* Task item:
Copy each line below holding "assms".

===============

(* Let $a\in[0,1)$, let $\{v_n\}_{n=1}^\infty\subset\mathbb{C}$ and $V=\mathrm{diag}(v_1,v_2,\dots)$. Let $K'$ be the semi-infinite matrix with entries $K'_{m,n}:=\sqrt{|v_m|}\big[\frac{a}{1-a}+\min(m,n)\big]\sqrt{|v_n|}$, $m,n\in\mathbb{N}$. If $K'$, regarded as an operator on $\ell^2(\mathbb{N})$, satisfies $\|K'\|\le1$, then $\sigma_{\mathrm d}(J_a+V)=\emptyset$. Equivalently (the two conditions being equivalent), if $|V|\le-\Delta_a$ in the sense of quadratic forms, then $\sigma_{\mathrm d}(J_a+V)=\emptyset$.
   Context: $\mathbb{N}=\{1,2,\dots\}$. For $a\in\mathbb{C}$, $J_a$ is the operator on $\ell^2(\mathbb{N})$ with $(J_a\psi)_1=a\psi_1+\psi_2$ and $(J_a\psi)_n=\psi_{n-1}+\psi_{n+1}$ for $n\ge2$; $-\Delta_a:=2-J_a$; $|V|=\mathrm{diag}(|v_1|,|v_2|,\dots)$. $\sigma_{\mathrm d}$ denotes the discrete spectrum (isolated eigenvalues of finite algebraic multiplicity). *)

theory Defs
  imports "HOL-Analysis.Analysis"
begin

text \<open>Convention: the index set N = {1,2,...} of the paper is represented by the
  Isabelle type nat = {0,1,...} via the shift n \<mapsto> n+1; i.e. a sequence
  psi :: nat \<Rightarrow> complex stores psi_{n+1} at position n.\<close>

definition l2 :: "(nat \<Rightarrow> complex) \<Rightarrow> bool" where
  "l2 \<psi> \<longleftrightarrow> summable (\<lambda>n. (cmod (\<psi> n))\<^sup>2)"

definition l2norm :: "(nat \<Rightarrow> complex) \<Rightarrow> real" where
  "l2norm \<psi> = sqrt (\<Sum>n. (cmod (\<psi> n))\<^sup>2)"

definition l2inner :: "(nat \<Rightarrow> complex) \<Rightarrow> (nat \<Rightarrow> complex) \<Rightarrow> complex" where
  "l2inner \<phi> \<psi> = (\<Sum>n. cnj (\<phi> n) * \<psi> n)"

definition Jop :: "complex \<Rightarrow> (nat \<Rightarrow> complex) \<Rightarrow> nat \<Rightarrow> complex" where
  "Jop a \<psi> n = (if n = 0 then a * \<psi> 0 + \<psi> 1 else \<psi> (n - 1) + \<psi> (n + 1))"

definition negLap :: "complex \<Rightarrow> (nat \<Rightarrow> complex) \<Rightarrow> nat \<Rightarrow> complex" where
  "negLap a \<psi> n = 2 * \<psi> n - Jop a \<psi> n"

definition Hdom :: "complex \<Rightarrow> (nat \<Rightarrow> complex) \<Rightarrow> (nat \<Rightarrow> complex) set" where
  "Hdom a v = {\<psi>. l2 \<psi> \<and> l2 (\<lambda>n. v n * \<psi> n)}"

definition Hop :: "complex \<Rightarrow> (nat \<Rightarrow> complex) \<Rightarrow> (nat \<Rightarrow> complex) \<Rightarrow> nat \<Rightarrow> complex" where
  "Hop a v \<psi> n = Jop a \<psi> n + v n * \<psi> n"

definition resolvent_set :: "complex \<Rightarrow> (nat \<Rightarrow> complex) \<Rightarrow> complex set" where
  "resolvent_set a v = {z. (\<forall>f. l2 f \<longrightarrow> (\<exists>!\<psi>. \<psi> \<in> Hdom a v \<and> (\<lambda>n. Hop a v \<psi> n - z * \<psi> n) = f))
      \<and> (\<exists>C. \<forall>\<psi>\<in>Hdom a v. l2norm \<psi> \<le> C * l2norm (\<lambda>n. Hop a v \<psi> n - z * \<psi> n))}"

definition spectrum_H :: "complex \<Rightarrow> (nat \<Rightarrow> complex) \<Rightarrow> complex set" where
  "spectrum_H a v = - resolvent_set a v"

definition is_eigenvalue :: "complex \<Rightarrow> (nat \<Rightarrow> complex) \<Rightarrow> complex \<Rightarrow> bool" where
  "is_eigenvalue a v z \<longleftrightarrow> (\<exists>\<psi>\<in>Hdom a v. \<psi> \<noteq> (\<lambda>_. 0) \<and> Hop a v \<psi> = (\<lambda>n. z * \<psi> n))"

text \<open>gen_ker a v z k psi: psi \<in> ker (H - z)^k (with domains of the iterates respected).\<close>
fun gen_ker :: "complex \<Rightarrow> (nat \<Rightarrow> complex) \<Rightarrow> complex \<Rightarrow> nat \<Rightarrow> (nat \<Rightarrow> complex) \<Rightarrow> bool" where
  "gen_ker a v z 0 \<psi> = (\<psi> = (\<lambda>_. 0))"
| "gen_ker a v z (Suc k) \<psi> = (\<psi> \<in> Hdom a v \<and> gen_ker a v z k (\<lambda>n. Hop a v \<psi> n - z * \<psi> n))"

text \<open>Finite algebraic multiplicity: the generalized eigenspace (union over k of
  ker (H - z)^k) is finite-dimensional, i.e. spanned by a finite set.\<close>
definition finite_alg_mult :: "complex \<Rightarrow> (nat \<Rightarrow> complex) \<Rightarrow> complex \<Rightarrow> bool" where
  "finite_alg_mult a v z \<longleftrightarrow> (\<exists>B. finite B \<and>
     (\<forall>\<psi>. (\<exists>k. gen_ker a v z k \<psi>) \<longrightarrow> (\<exists>c. \<psi> = (\<lambda>n. \<Sum>b\<in>B. c b * b n))))"

definition discrete_spectrum :: "complex \<Rightarrow> (nat \<Rightarrow> complex) \<Rightarrow> complex set" where
  "discrete_spectrum a v = {z. z \<in> spectrum_H a v \<and> \<not> z islimpt spectrum_H a v
      \<and> is_eigenvalue a v z \<and> finite_alg_mult a v z}"

text \<open>The matrix K' (0-based): K'_{m,n} = sqrt|v_m| (a/(1-a) + min(m,n)) sqrt|v_n|
  in 1-based indices, i.e. min m n + 1 in 0-based indices.\<close>
definition Kmat :: "real \<Rightarrow> (nat \<Rightarrow> complex) \<Rightarrow> nat \<Rightarrow> nat \<Rightarrow> complex" where
  "Kmat a v m n = complex_of_real
     (sqrt (cmod (v m)) * (a / (1 - a) + real (min m n + 1)) * sqrt (cmod (v n)))"

definition matrix_op_norm_le :: "(nat \<Rightarrow> nat \<Rightarrow> complex) \<Rightarrow> real \<Rightarrow> bool" where
  "matrix_op_norm_le M c \<longleftrightarrow> (\<forall>\<psi>. l2 \<psi> \<longrightarrow>
     (\<forall>m. summable (\<lambda>n. M m n * \<psi> n)) \<and>
     l2 (\<lambda>m. \<Sum>n. M m n * \<psi> n) \<and>
     l2norm (\<lambda>m. \<Sum>n. M m n * \<psi> n) \<le> c * l2norm \<psi>)"

definition absV_le_negLap :: "complex \<Rightarrow> (nat \<Rightarrow> complex) \<Rightarrow> bool" where
  "absV_le_negLap a v \<longleftrightarrow> (\<forall>\<psi>. l2 \<psi> \<longrightarrow>
     summable (\<lambda>n. cmod (v n) * (cmod (\<psi> n))\<^sup>2) \<and>
     (\<Sum>n. cmod (v n) * (cmod (\<psi> n))\<^sup>2) \<le> Re (l2inner \<psi> (negLap a \<psi>)))"

end

theory Submission
  imports Defs
begin

text \<open>In 0-based indices \<open>-\<Delta>\<^sub>a\<close> has the inverse kernel \<open>G(m,n) = 1/(1-a) + min m n\<close>, so
  \<open>K' = |V|\<^sup>1\<^sup>/\<^sup>2 G |V|\<^sup>1\<^sup>/\<^sup>2\<close>, and \<open>\<parallel>K'\<parallel> \<le> 1\<close> is equivalent to \<open>|V| \<le> G\<inverse> = -\<Delta>\<^sub>a\<close>. Both
  directions are checked on finitely supported vectors: summation by parts gives
  \<open>2\<langle>g,p\<rangle> \<le> \<langle>p,-\<Delta>\<^sub>a p\<rangle> + \<langle>g,G g\<rangle>\<close>, and conversely \<open>G g\<close>, cut off linearly far out,
  is a test vector for the form inequality.

  Testing \<open>|V| \<le> -\<Delta>\<^sub>a\<close> on indicators of \<open>{..N}\<close> gives \<open>\<Sum>|v\<^sub>n| < \<infinity>\<close>, so plane waves
  truncated to windows far out are Weyl sequences and every point of \<open>[-2,2]\<close> is a
  non-isolated point of the spectrum. For \<open>z = k + 1/k\<close> with \<open>0 < |k| < 1\<close>, variation of
  constants bounds the resolvent kernel of \<open>J\<^sub>a\<close> by \<open>G\<close>, strictly on the diagonal. An
  eigenvector \<open>\<psi> = -(J\<^sub>a - z)\<inverse> V \<psi>\<close> then gives \<open>u = |V|\<^sup>1\<^sup>/\<^sup>2 |\<psi>|\<close> with \<open>u \<le> K' u\<close>,
  strictly wherever \<open>V \<psi> \<noteq> 0\<close>; since \<open>\<parallel>K'\<parallel> \<le> 1\<close> this forces \<open>V \<psi> = 0\<close>, hence \<open>\<psi> = 0\<close>.\<close>

lemma summable_mult_of_summable_squares:
  fixes x y :: "nat \<Rightarrow> real"
  assumes "summable (\<lambda>n. (x n)\<^sup>2)" "summable (\<lambda>n. (y n)\<^sup>2)"
  shows "summable (\<lambda>n. \<bar>x n\<bar> * \<bar>y n\<bar>)" "summable (\<lambda>n. x n * y n)"
proof -
  have b: "norm (\<bar>x n\<bar> * \<bar>y n\<bar>) \<le> ((x n)\<^sup>2 + (y n)\<^sup>2) / 2" for n
    using sum_squares_bound[of "\<bar>x n\<bar>" "\<bar>y n\<bar>"] by (simp add: abs_mult)
  have s: "summable (\<lambda>n. ((x n)\<^sup>2 + (y n)\<^sup>2) / 2)"
    using assms by (intro summable_divide summable_add)
  show "summable (\<lambda>n. \<bar>x n\<bar> * \<bar>y n\<bar>)"
    by (rule summable_comparison_test'[OF s b])
  show "summable (\<lambda>n. x n * y n)"
    by (rule summable_comparison_test'[OF s]) (use b in \<open>simp add: abs_mult\<close>)
qed

lemma Cauchy_Schwarz_suminf:
  fixes x y :: "nat \<Rightarrow> real"
  assumes x: "summable (\<lambda>n. (x n)\<^sup>2)" and y: "summable (\<lambda>n. (y n)\<^sup>2)"
  shows "\<bar>\<Sum>n. x n * y n\<bar> \<le> sqrt (\<Sum>n. (x n)\<^sup>2) * sqrt (\<Sum>n. (y n)\<^sup>2)"
proof -
  note s = summable_mult_of_summable_squares[OF x y]
  have "(\<Sum>n. \<bar>x n\<bar> * \<bar>y n\<bar>) \<le> sqrt (\<Sum>n. (x n)\<^sup>2) * sqrt (\<Sum>n. (y n)\<^sup>2)"
  proof (rule suminf_le_const[OF s(1)])
    fix N
    have "(\<Sum>n<N. \<bar>x n\<bar> * \<bar>y n\<bar>) \<le> L2_set x {..<N} * L2_set y {..<N}"
      by (rule L2_set_mult_ineq)
    also have "\<dots> \<le> sqrt (\<Sum>n. (x n)\<^sup>2) * sqrt (\<Sum>n. (y n)\<^sup>2)"
      unfolding L2_set_def using x y
      by (intro mult_mono real_sqrt_le_mono sum_le_suminf) (auto simp: sum_nonneg intro: suminf_nonneg)
    finally show "(\<Sum>n<N. \<bar>x n\<bar> * \<bar>y n\<bar>) \<le> sqrt (\<Sum>n. (x n)\<^sup>2) * sqrt (\<Sum>n. (y n)\<^sup>2)" .
  qed
  moreover have "\<bar>\<Sum>n. x n * y n\<bar> \<le> (\<Sum>n. \<bar>x n\<bar> * \<bar>y n\<bar>)"
    using summable_rabs[of "\<lambda>n. x n * y n"] s(1) by (simp add: abs_mult)
  ultimately show ?thesis by linarith
qed

lemma summable_of_bounded_partial_sums:
  fixes f :: "nat \<Rightarrow> real"
  assumes nonneg: "\<And>n. 0 \<le> f n" and bound: "\<And>N. (\<Sum>n\<le>N. f n) \<le> B"
  shows "summable f" "suminf f \<le> B"
proof -
  have partial: "sum f {..<k} \<le> B" for k
  proof (cases k)
    case 0
    then show ?thesis using bound[of 0] nonneg[of 0] by simp
  next
    case (Suc N)
    then show ?thesis using bound[of N] by (simp add: lessThan_Suc_atMost)
  qed
  show s: "summable f" by (rule summableI_nonneg_bounded[OF nonneg partial])
  show "suminf f \<le> B" by (rule suminf_le_const[OF s partial])
qed

lemma l2_tendsto_zero:
  assumes "l2 \<psi>" shows "\<psi> \<longlonglongrightarrow> 0"
proof -
  have "(\<lambda>n. (cmod (\<psi> n))\<^sup>2) \<longlonglongrightarrow> 0"
    using assms unfolding l2_def by (rule summable_LIMSEQ_zero)
  then have "(\<lambda>n. sqrt ((cmod (\<psi> n))\<^sup>2)) \<longlonglongrightarrow> sqrt 0"
    by (intro tendsto_real_sqrt)
  then show ?thesis by (simp add: tendsto_norm_zero_iff)
qed

lemma l2_finite_support:
  assumes "\<And>n. M \<le> n \<Longrightarrow> f n = 0"
  shows "l2 f" "l2norm f = sqrt (\<Sum>n<M. (cmod (f n))\<^sup>2)"
proof -
  have z: "n \<notin> {..<M} \<Longrightarrow> (cmod (f n))\<^sup>2 = 0" for n using assms by simp
  show "l2 f" unfolding l2_def by (rule summable_finite[of "{..<M}"]) (use z in auto)
  show "l2norm f = sqrt (\<Sum>n<M. (cmod (f n))\<^sup>2)"
    unfolding l2norm_def by (subst suminf_finite[of "{..<M}"]) (use z in auto)
qed

lemma l2_of_real: "l2 (\<lambda>n. complex_of_real (x n)) \<longleftrightarrow> summable (\<lambda>n. (x n)\<^sup>2)"
  by (simp add: l2_def)

lemma l2norm_of_real: "l2norm (\<lambda>n. complex_of_real (x n)) = sqrt (\<Sum>n. (x n)\<^sup>2)"
  by (simp add: l2norm_def)

section \<open>The quadratic form of \<open>-\<Delta>\<^sub>a\<close>\<close>

definition negLap_form :: "real \<Rightarrow> (nat \<Rightarrow> complex) \<Rightarrow> real" where
  "negLap_form a \<psi> = (1 - a) * (cmod (\<psi> 0))\<^sup>2 + (\<Sum>n. (cmod (\<psi> n - \<psi> (Suc n)))\<^sup>2)"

===============

* Answer box:
    using assms by (intro summable_divide summable_add)
    using assms unfolding l2_def by (rule summable_LIMSEQ_zero)
  have z: "n \<notin> {..<M} \<Longrightarrow> (cmod (f n))\<^sup>2 = 0" for n using assms by simp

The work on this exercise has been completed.